A falta de prioridade na distribuição de recursos do Fies foi um dos motivos que levaram o governo federal a instituir uma portaria que alterou as regras do financiamento. As mudanças incluem critérios para as vagas: área (preferência por Engenharias, Saúde e formação de professores), qualidade (notas 4 e 5) e região (Norte, Nordeste e Centro-Oeste).
Para os autores do relatório, no entanto, o impacto das mudanças no curso de Direito vai depender de como os critérios serão usados pelo governo federal.
Segundo o pesquisador Guilherme Klafke, do Observatório, pode haver conflito entre as regras.
“Se a prioridade for para a região, pode continuar indo (financiamentos) para o Direito.

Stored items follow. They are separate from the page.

(* Let $\lambda_1>0$ and let $\chi:[0,\infty)\to[0,\infty)$ be smooth with $\chi(s)=1$ for $s\in[0,\lambda_1/2)$ and $\chi(s)=0$ for $s>\lambda_1$. For $m\ge2$ and $\lambda\ge0$ set $P_m(\lambda)=2m(\sqrt{\lambda+m^2}-m)+\chi(\lambda)$ and $P_\infty(\lambda)=\lambda+\chi(\lambda)$. Then for every positive integer $k$ there is $C_k>0$ such that for all $m\ge2$ and $\lambda>0$: (1) $\Big|\big(\tfrac{d}{d\lambda}\big)^k\big(\tfrac{P_m(\lambda)}{P_\infty(\lambda)}\big)\Big|\le\dfrac{C_k}{\lambda^k}$; (2) $\Big|\big(\tfrac{d}{d\lambda}\big)^k\big(\tfrac1{P_\infty(\lambda)}-\tfrac1{P_m(\lambda)}\big)\Big|\le\dfrac{C_k}{\lambda^k}\min\Big\{\dfrac1{m^2},\dfrac1{m(\lambda+1)^{1/2}}\Big\}$.
   Context: In the paper $\lambda_1$ is the smallest Dirichlet eigenvalue of $-\Delta$ on a smooth bounded domain $\Omega\subset\mathbb{R}^n$, $n\ge3$. *)

theory Defs
  imports "HOL-Analysis.Analysis"
begin

text \<open>C-infinity on a set S: all iterated derivatives exist at every point of S
  (meaningful for open S).\<close>
definition smooth_on :: "real set \<Rightarrow> (real \<Rightarrow> real) \<Rightarrow> bool" where
  "smooth_on S f \<longleftrightarrow> (\<forall>k. \<forall>x\<in>S. ((deriv ^^ k) f) differentiable (at x))"

definition Pm :: "(real \<Rightarrow> real) \<Rightarrow> real \<Rightarrow> real \<Rightarrow> real" where
  "Pm chi m l = 2 * m * (sqrt (l + m\<^sup>2) - m) + chi l"

definition Pinf :: "(real \<Rightarrow> real) \<Rightarrow> real \<Rightarrow> real" where
  "Pinf chi l = l + chi l"

end

theory Submission
  imports Defs "HOL-Complex_Analysis.Cauchy_Integral_Formula"
begin

text \<open>
  The range $\lambda > 0$ is split at $\lambda_1/2$ and $\lambda_1$. Where $\chi$ is constant,
  i.e.\ for $\lambda < \lambda_1/2$ and for $\lambda > \lambda_1$, both functions are real parts of
  holomorphic functions on the right half-plane built from $w = \sqrt{z + m^2} - m$, and Cauchy's
  inequality on the disc of radius $\lambda/2$ around $\lambda$ produces the factor $\lambda^{-k}$.
  Uniformity in $m$ comes from $|w| \le |z|/(2m)$ and $|w + 2m| \ge \sqrt{\mathrm{Re}\, z + m^2} + m$,
  and the decay in $m$ of the second function from $P_m - P_\infty = -w^2$.
  On the compact range $[\lambda_1/2, \lambda_1]$, where $\chi$ is merely smooth, the derivatives of
  $\chi$ are bounded by compactness, those of $2mw$ and $-w^2$ uniformly in $m$ by Cauchy's
  inequality on discs of fixed radius, and crude Leibniz-type bounds for products and reciprocals
  finish the estimate.
\<close>

section \<open>Smoothness of finite and infinite order\<close>

lemma real_differentiable_iff_field_differentiable:
  fixes f :: "real \<Rightarrow> real"
  shows "f differentiable (at x) \<longleftrightarrow> f field_differentiable (at x)"
  using DERIV_deriv_iff_real_differentiable DERIV_deriv_iff_field_differentiable by blast

lemma higher_deriv_Suc_inner: "(deriv ^^ Suc k) f = (deriv ^^ k) (deriv f)"
  by (simp add: funpow_Suc_right del: funpow.simps)

lemma higher_deriv_cong_open:
  assumes "open S" "x \<in> S" "\<And>y. y \<in> S \<Longrightarrow> f y = g y"
  shows "(deriv ^^ k) f x = (deriv ^^ k) g x"
  using assms by (intro higher_deriv_cong_ev eventually_nhds_in_open[THEN eventually_mono]) auto

lemma differentiable_cong_open:
  fixes f g :: "real \<Rightarrow> real"
  assumes "open S" "x \<in> S" "\<And>y. y \<in> S \<Longrightarrow> f y = g y" "f differentiable (at x)"
  shows "g differentiable (at x)"
  using assms has_derivative_transform_within_open unfolding differentiable_def by metis

definition differentiable_upto :: "nat \<Rightarrow> real set \<Rightarrow> (real \<Rightarrow> real) \<Rightarrow> bool" where
  "differentiable_upto n S f \<longleftrightarrow> (\<forall>k<n. \<forall>x\<in>S. (deriv ^^ k) f differentiable (at x))"

lemma differentiable_upto_0 [simp]: "differentiable_upto 0 S f"
  by (simp add: differentiable_upto_def)

lemma differentiable_upto_Suc:
  "differentiable_upto (Suc n) S f \<longleftrightarrow>
     (\<forall>x\<in>S. f differentiable (at x)) \<and> differentiable_upto n S (deriv f)"
  unfolding differentiable_upto_def All_less_Suc2 higher_deriv_Suc_inner by auto

lemma differentiable_upto_SucD:
  "differentiable_upto (Suc n) S f \<Longrightarrow> differentiable_upto n S f"
  unfolding differentiable_upto_def by auto

lemma differentiable_upto_cong:
  assumes "open S" "\<And>y. y \<in> S \<Longrightarrow> f y = g y" "differentiable_upto n S f"
  shows "differentiable_upto n S g"
  unfolding differentiable_upto_def
proof (intro allI impI ballI)
  fix k x assume "k < n" "x \<in> S"
  then have "(deriv ^^ k) f differentiable (at x)"
    using assms(3) unfolding differentiable_upto_def by blast
  moreover have "\<And>y. y \<in> S \<Longrightarrow> (deriv ^^ k) f y = (deriv ^^ k) g y"
    using higher_deriv_cong_open[OF assms(1) _ assms(2)] .
  ultimately show "(deriv ^^ k) g differentiable (at x)"
    using differentiable_cong_open[OF assms(1) \<open>x \<in> S\<close>] by metis
qed

lemma differentiable_upto_const: "differentiable_upto n S (\<lambda>_. c)"
  unfolding differentiable_upto_def by simp

lemma differentiable_upto_add:
  assumes "open S" "differentiable_upto n S f" "differentiable_upto n S g"
  shows "differentiable_upto n S (\<lambda>x. f x + g x)"
  using assms(2,3)
proof (induction n arbitrary: f g)
  case (Suc n)
  then have df: "\<forall>x\<in>S. f differentiable (at x)" "\<forall>x\<in>S. g differentiable (at x)"
    and IH: "differentiable_upto n S (\<lambda>x. deriv f x + deriv g x)"
    by (auto simp: differentiable_upto_Suc)
  have "differentiable_upto n S (deriv (\<lambda>x. f x + g x))"
    by (rule differentiable_upto_cong[OF assms(1) _ IH])
       (simp add: df real_differentiable_iff_field_differentiable[symmetric])
  with df show ?case by (simp add: differentiable_upto_Suc)
qed simp

lemma differentiable_upto_mult:
  assumes "open S" "differentiable_upto n S f" "differentiable_upto n S g"
  shows "differentiable_upto n S (\<lambda>x. f x * g x)"
  using assms(2,3)
proof (induction n arbitrary: f g)
  case (Suc n)
  then have df: "\<forall>x\<in>S. f differentiable (at x)" "\<forall>x\<in>S. g differentiable (at x)"
    and f'g': "differentiable_upto n S (deriv f)" "differentiable_upto n S (deriv g)"
    by (auto simp: differentiable_upto_Suc)
  have fg: "differentiable_upto n S f" "differentiable_upto n S g"
    using Suc.prems by (auto dest: differentiable_upto_SucD)
  have "differentiable_upto n S (\<lambda>x. f x * deriv g x + deriv f x * g x)"
    using Suc.IH f'g' fg by (intro differentiable_upto_add[OF assms(1)])
  then have "differentiable_upto n S (deriv (\<lambda>x. f x * g x))"
    by (rule differentiable_upto_cong[OF assms(1), rotated])
       (simp add: df real_differentiable_iff_field_differentiable[symmetric])
  with df show ?case by (simp add: differentiable_upto_Suc)
qed simp

lemma differentiable_upto_inverse:
  assumes "open S" "differentiable_upto n S v" "\<And>x. x \<in> S \<Longrightarrow> v x \<noteq> 0"
  shows "differentiable_upto n S (\<lambda>x. inverse (v x))"
  using assms(2)
proof (induction n)
  case (Suc n)
  then have dv: "\<forall>x\<in>S. v x \<noteq> 0 \<and> v differentiable (at x)"
    and v': "differentiable_upto n S (deriv v)"
    using assms(3) by (auto simp: differentiable_upto_Suc)
  have IH: "differentiable_upto n S (\<lambda>x. inverse (v x))"
    using Suc differentiable_upto_SucD by blast
  have "differentiable_upto n S (\<lambda>x. (- 1) * deriv v x * (inverse (v x) * inverse (v x)))"
    using v' IH differentiable_upto_const
    by (intro differentiable_upto_mult[OF assms(1)])
  then have "differentiable_upto n S (deriv (\<lambda>x. inverse (v x)))"
    by (rule differentiable_upto_cong[OF assms(1), rotated])
       (simp add: dv power2_eq_square divide_inverse
          flip: real_differentiable_iff_field_differentiable)
  moreover have "\<forall>x\<in>S. (\<lambda>x. inverse (v x)) differentiable (at x)"
    using dv by (auto intro: differentiable_inverse)
  ultimately show ?case by (simp add: differentiable_upto_Suc)
qed simp

lemma smooth_on_iff_differentiable_upto: "smooth_on S f \<longleftrightarrow> (\<forall>n. differentiable_upto n S f)"
  unfolding smooth_on_def differentiable_upto_def by (metis lessI)

lemma smooth_on_add: "open S \<Longrightarrow> smooth_on S f \<Longrightarrow> smooth_on S g \<Longrightarrow> smooth_on S (\<lambda>x. f x + g x)"
  by (simp add: smooth_on_iff_differentiable_upto differentiable_upto_add)

lemma smooth_on_mult: "open S \<Longrightarrow> smooth_on S f \<Longrightarrow> smooth_on S g \<Longrightarrow> smooth_on S (\<lambda>x. f x * g x)"
  by (simp add: smooth_on_iff_differentiable_upto differentiable_upto_mult)

lemma smooth_on_const: "smooth_on S (\<lambda>_. c)"
  by (simp add: smooth_on_iff_differentiable_upto differentiable_upto_const)

lemma smooth_on_minus: "open S \<Longrightarrow> smooth_on S f \<Longrightarrow> smooth_on S (\<lambda>x. - f x)"
  using smooth_on_mult[where f = "\<lambda>_. - 1" and g = f, OF _ smooth_on_const] by simp

lemma smooth_on_inverse:
  "open S \<Longrightarrow> smooth_on S v \<Longrightarrow> (\<And>x. x \<in> S \<Longrightarrow> v x \<noteq> 0) \<Longrightarrow> smooth_on S (\<lambda>x. inverse (v x))"
  by (simp add: smooth_on_iff_differentiable_upto differentiable_upto_inverse)

lemma smooth_on_cong: "open S \<Longrightarrow> (\<And>x. x \<in> S \<Longrightarrow> f x = g x) \<Longrightarrow> smooth_on S f \<Longrightarrow> smooth_on S g"
  by (meson smooth_on_iff_differentiable_upto differentiable_upto_cong)

lemma smooth_on_deriv: "smooth_on S f \<Longrightarrow> smooth_on S (deriv f)"
  by (metis smooth_on_iff_differentiable_upto differentiable_upto_Suc)

lemma smooth_on_imp_differentiable: "smooth_on S f \<Longrightarrow> x \<in> S \<Longrightarrow> f differentiable (at x)"
  unfolding smooth_on_def by (metis funpow_0)

lemma smooth_on_imp_field_differentiable:
  "smooth_on S f \<Longrightarrow> x \<in> S \<Longrightarrow> f field_differentiable (at x)"
  by (simp add: smooth_on_imp_differentiable flip: real_differentiable_iff_field_differentiable)

lemma smooth_on_higher_derivs_bounded:
  assumes "smooth_on S f" "compact K" "K \<subseteq> S"
  obtains B where "\<forall>j\<le>k. \<forall>x\<in>K. \<bar>(deriv ^^ j) f x\<bar> \<le> B"
proof -
  have "continuous_on K ((deriv ^^ j) f)" for j
    using assms(1,3) unfolding smooth_on_def
    by (intro continuous_at_imp_continuous_on ballI differentiable_imp_continuous_within) auto
  then have "compact (\<Union>j\<le>k. (deriv ^^ j) f ` K)"
    using assms(2) by (intro compact_UN compact_continuous_image) auto
  then obtain B where "\<forall>y\<in>(\<Union>j\<le>k. (deriv ^^ j) f ` K). norm y \<le> B"
    using compact_imp_bounded bounded_iff by blast
  then show ?thesis by (intro that) auto
qed

section \<open>Higher derivatives of sums, products and reciprocals\<close>

lemma higher_deriv_add_smooth_on:
  assumes "open S" "smooth_on S f" "smooth_on S g" "x \<in> S"
  shows "(deriv ^^ k) (\<lambda>x. f x + g x) x = (deriv ^^ k) f x + (deriv ^^ k) g x"
  using assms(2-4)
proof (induction k arbitrary: f g)
  case (Suc k)
  have diff: "f field_differentiable (at y)" "g field_differentiable (at y)" if "y \<in> S" for y
    using Suc.prems that by (auto intro: smooth_on_imp_field_differentiable)
  have "(deriv ^^ Suc k) (\<lambda>x. f x + g x) x = (deriv ^^ k) (\<lambda>y. deriv f y + deriv g y) x"
    unfolding higher_deriv_Suc_inner
    by (rule higher_deriv_cong_open[OF assms(1) Suc.prems(3)])
       (simp add: diff)
  also have "\<dots> = (deriv ^^ k) (deriv f) x + (deriv ^^ k) (deriv g) x"
    using Suc by (simp add: smooth_on_deriv)
  finally show ?case by (simp only: higher_deriv_Suc_inner)
qed simp

lemma higher_deriv_minus_smooth_on:
  assumes "open S" "smooth_on S f" "x \<in> S"
  shows "(deriv ^^ k) (\<lambda>x. - f x) x = - (deriv ^^ k) f x"
  using assms(2-3)
proof (induction k arbitrary: f)
  case (Suc k)
  have diff: "f field_differentiable (at y)" if "y \<in> S" for y
    using Suc.prems that by (auto intro: smooth_on_imp_field_differentiable)
  have "(deriv ^^ Suc k) (\<lambda>x. - f x) x = (deriv ^^ k) (\<lambda>y. - deriv f y) x"
    unfolding higher_deriv_Suc_inner
    by (rule higher_deriv_cong_open[OF assms(1) Suc.prems(2)])
       (simp add: diff)
  also have "\<dots> = - (deriv ^^ k) (deriv f) x"
    using Suc by (simp add: smooth_on_deriv)
  finally show ?case by (simp only: higher_deriv_Suc_inner)
qed simp

lemma higher_deriv_mult_bound:
  assumes "open S" "smooth_on S f" "smooth_on S g" "x \<in> S"
    and "\<forall>j\<le>k. \<bar>(deriv ^^ j) f x\<bar> \<le> A" "\<forall>j\<le>k. \<bar>(deriv ^^ j) g x\<bar> \<le> B"
  shows "\<bar>(deriv ^^ k) (\<lambda>y. f y * g y) x\<bar> \<le> 2 ^ k * A * B"
  using assms(2,3,5,6)
proof (induction k arbitrary: f g)
  case 0
  then show ?case by (simp add: abs_mult mult_mono')
next
  case (Suc k)
  have diff: "f field_differentiable (at y)" "g field_differentiable (at y)" if "y \<in> S" for y
    using Suc.prems that by (auto intro: smooth_on_imp_field_differentiable)
  have "(deriv ^^ Suc k) (\<lambda>y. f y * g y) x = (deriv ^^ k) (\<lambda>y. f y * deriv g y + deriv f y * g y) x"
    unfolding higher_deriv_Suc_inner
    by (rule higher_deriv_cong_open[OF assms(1) assms(4)])
       (simp add: diff)
  also have "\<dots> = (deriv ^^ k) (\<lambda>y. f y * deriv g y) x + (deriv ^^ k) (\<lambda>y. deriv f y * g y) x"
    using Suc.prems assms(1,4)
    by (intro higher_deriv_add_smooth_on smooth_on_mult smooth_on_deriv)
  finally have split: "(deriv ^^ Suc k) (\<lambda>y. f y * g y) x =
      (deriv ^^ k) (\<lambda>y. f y * deriv g y) x + (deriv ^^ k) (\<lambda>y. deriv f y * g y) x" .
  have "\<forall>j\<le>k. \<bar>(deriv ^^ j) f x\<bar> \<le> A" "\<forall>j\<le>k. \<bar>(deriv ^^ j) g x\<bar> \<le> B"
    "\<forall>j\<le>k. \<bar>(deriv ^^ j) (deriv f) x\<bar> \<le> A" "\<forall>j\<le>k. \<bar>(deriv ^^ j) (deriv g) x\<bar> \<le> B"
    using Suc.prems(3,4) by (auto simp flip: higher_deriv_Suc_inner)
  then have "\<bar>(deriv ^^ k) (\<lambda>y. f y * deriv g y) x\<bar> \<le> 2 ^ k * A * B"
    "\<bar>(deriv ^^ k) (\<lambda>y. deriv f y * g y) x\<bar> \<le> 2 ^ k * A * B"
    using Suc.IH Suc.prems(1,2) smooth_on_deriv by blast+
  then show ?case unfolding split by simp
qed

No Centro-Oeste, por exemplo, um em cada cinco alunos de cursos pagos estão no Direito. Se for conceito, o recurso continuaria indo para o Sudeste. E, se for por área, pode ser que não haja vagas (porque a procura é maior do que a oferta). Temos dois cenários possíveis com a mudança: ou vai induzir uma mudança e alterar a demanda, ou os critérios vão se conflitar tanto que a realidade vai continuar como hoje”, diz.
Grandes grupos
Outro questionamento apontado pelo estudo é a concentração do número de contratos financiados em poucas empresas educacionais. O levantamento mostra que 10% das mantenedoras de cursos jurídicos com maior quantidade de beneficiados representam 56,7% do total com financiamentos e bolsas do ProUni.
OAB
Apesar do financiamento público cada vez maior, o total de formados em Direito que procuram exercer a advocacia não aumentou na mesma proporção. O número de inscritos no exame da Ordem dos Advogados do Brasil (OAB) tem ficado estável. Em 2010, eram 24.418. Em março deste ano, 24.187. A taxa de aprovação oscilou entre 11% e 25% no período.

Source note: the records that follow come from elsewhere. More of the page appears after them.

(*
  A point x of the subset shift of (G, L) lists at each time the set of vertices at which a path of G
  spelling the labels of x can sit; it is the point generated by the family of all such paths, its
  lifts. Pushing the lifts forward along phi and reading off their tails gives a point of the subset
  shift of (H, L_H) labelled psi (lab x). As phi and phi^-1 are sliding block codes and the graphs are
  right-resolving, this is again a sliding block code, inverted by the same construction for phi^-1
  and psi^-1. It sends beta_G y to beta_H (psi y), so it preserves the intrinsic description of
  X_{G'} as the points each of whose right halves is reachable from the left half of a beta point,
  and restricts to the required conjugacy.

  Uniqueness comes from rigidity: a label-preserving automorphism theta of X_{H'} is the identity.
  Among points labelled y, beta y has the largest vertex sets; approximating x from the left by a point
  that agrees with some beta y in the far past and propagating vertex-set inclusions forward gives
  fst (theta x i) <= fst (x i), the same argument for theta^-1 gives equality, and a point of the
  subset shift is determined by its vertex sets and labels.
*)

theory Submission
  imports Defs
begin

section \<open>Sliding block codes\<close>

lemma topspace_seq_top [simp]: "topspace seq_top = UNIV"
  by (simp add: seq_top_def topspace_product_topology)

definition cylinder :: "(int \<Rightarrow> 'a) \<Rightarrow> int set \<Rightarrow> (int \<Rightarrow> 'a) set" where
  "cylinder x J = {x'. \<forall>t\<in>J. x' t = x t}"

lemma self_in_cylinder [simp]: "x \<in> cylinder x J"
  by (simp add: cylinder_def)

lemma continuous_map_seq_top_coordinate: "continuous_map seq_top (discrete_topology UNIV) (\<lambda>x. x t)"
  unfolding seq_top_def by (rule continuous_map_product_projection) simp

lemma openin_cylinder:
  assumes "finite J"
  shows "openin seq_top (cylinder x J)"
proof (cases "J = {}")
  case True
  then show ?thesis using openin_topspace[of seq_top] by (simp add: cylinder_def)
next
  case False
  have coordinate: "openin seq_top {x'. x' t \<in> {x t}}" for t
    using openin_continuous_map_preimage[OF continuous_map_seq_top_coordinate[of t], of "{x t}"] by simp
  have "openin seq_top (\<Inter>t\<in>J. {x'. x' t \<in> {x t}})"
    by (rule openin_INT2) (use assms False coordinate in auto)
  moreover have "(\<Inter>t\<in>J. {x'. x' t \<in> {x t}}) = cylinder x J"
    by (auto simp: cylinder_def)
  ultimately show ?thesis by simp
qed

lemma openin_seq_top_finite_support:
  assumes "finite J" and "\<And>x x'. x \<in> S \<Longrightarrow> \<forall>t\<in>J. x' t = x t \<Longrightarrow> x' \<in> S"
  shows "openin seq_top S"
  unfolding openin_subopen[of seq_top S]
proof
  fix x assume "x \<in> S"
  then have "cylinder x J \<subseteq> S"
    using assms(2) by (auto simp: cylinder_def)
  then show "\<exists>T. openin seq_top T \<and> x \<in> T \<and> T \<subseteq> S"
    by (intro exI[of _ "cylinder x J"]) (simp add: openin_cylinder[OF assms(1)])
qed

“Devemos questionar se as novas regras do Fies serão suficientes para induzir a mudança de comportamento. Há prestígio social na profissão, assim como em Medicina e Engenharia”, diz José Garcez Ghirardi, um dos coordenadores do Observatório da FGV.
Formado por uma universidade privada em São Paulo, Marcelo Ponci, de 42 anos, hoje desempregado, já prestou o exame cinco vezes. Fez uma pós-graduação em Direito Imobiliário e trabalhou no Conselho Regional de Corretores de Imóveis, mas agora deixou o posto para estudar. Hoje, faz cursinho preparatório para o exame. “Sempre faltou conteúdo na graduação. Precisei do cursinho para focar mais, ver mais conteúdo que cai na prova”, diz.
Para o professor da Faculdade de Direito da Universidade de São Paulo (USP) Marcus Orione, o aumento de financiamento privado, apesar de trazer mais inclusão, pode causar distorções. “A maior aplicação de aporte em cursos privados, em vez de públicos, traz alguns valores específicos de mercado. Quando você está em uma universidade pública, consegue trabalhar com outros valores que também são demandados do advogado”, afirma.
Para o presidente da OAB-SP, Marcos da Costa, é preciso atentar às exigências feitas aos cursos financiados. “A grande quantidade de faculdades autorizadas nos últimos anos não tem interesse na qualidade.” As informações são do jornal “O Estado de S. Paulo”.